Your task is to repeat exactly the lines below between the line holding "(nat \<Rightarrow> complex)" and the line holding "k \<xi> x n", inclusive, and only those.

(Saved data entries)
════════════════
(* Let $\mu$ be a non-degenerate probability measure on $\mathbb{C}$ (not a point mass), $X_1, X_2,\ldots$ iid with law $\mu$, $0\le k_n\le n$ deterministic integers with $k_n = o(n)$, and $\xi_1^{(n)},\ldots,\xi_{k_n}^{(n)}$ a deterministic triangular array of complex numbers such that, for some Lebesgue-null set $E\subset\mathbb{C}$, $\limsup_{n\to\infty}\frac1n\sum_{l=1}^{k_n}\log_-|z-\xi_l^{(n)}| = 0$ for all $z\in\mathbb{C}\setminus E$. Let \[ L_n(z) := \sum_{j=1}^{n-k_n}\frac{1}{z - X_j} + \sum_{l=1}^{k_n}\frac{1}{z - \xi_l^{(n)}}. \] Then there is a set $F \subset \mathbb{C}$ of Lebesgue measure zero such that for every $z \in \mathbb{C}\setminus F$, $\frac{1}{n}\log|L_n(z)| \to 0$ in probability as $n \to \infty$.
   Context: $\log_- x := |\log x|$ for $0 \le x \le 1$, $\log_- x := 0$ for $x \ge 1$, $\log_-(0) := \infty$. $L_n = p_n'/p_n$ is the logarithmic derivative of $p_n(z) = \prod_{j=1}^{n-k_n}(z-X_j)\prod_{l=1}^{k_n}(z-\xi_l^{(n)})$. *)

theory Defs
  imports "HOL-Probability.Probability"
begin

definition log_minus :: "real \<Rightarrow> ereal" where
  "log_minus x = (if x = 0 then \<infinity> else if x \<le> 1 then ereal (\<bar>ln x\<bar>) else 0)"

text \<open>The logarithmic derivative L_n(z) (finite part; poles are handled separately
  in the statement).\<close>
definition Ln_fun :: "(nat \<Rightarrow> nat) \<Rightarrow> (nat \<Rightarrow> nat \<Rightarrow> complex) \<Rightarrow> (nat \<Rightarrow> complex)
    \<Rightarrow> nat \<Rightarrow> complex \<Rightarrow> complex" where
  "Ln_fun k \<xi> x n z =
     (\<Sum>j\<in>{1..n - k n}. 1 / (z - x j)) + (\<Sum>l\<in>{1..k n}. 1 / (z - \<xi> n l))"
════════════════
ANSWER TO THIS PROBLEM.
definition Ln_fun :: "(nat \<Rightarrow> nat) \<Rightarrow> (nat \<Rightarrow> nat \<Rightarrow> complex) \<Rightarrow> (nat \<Rightarrow> complex)
    \<Rightarrow> nat \<Rightarrow> complex \<Rightarrow> complex" where
  "Ln_fun k \<xi> x n z =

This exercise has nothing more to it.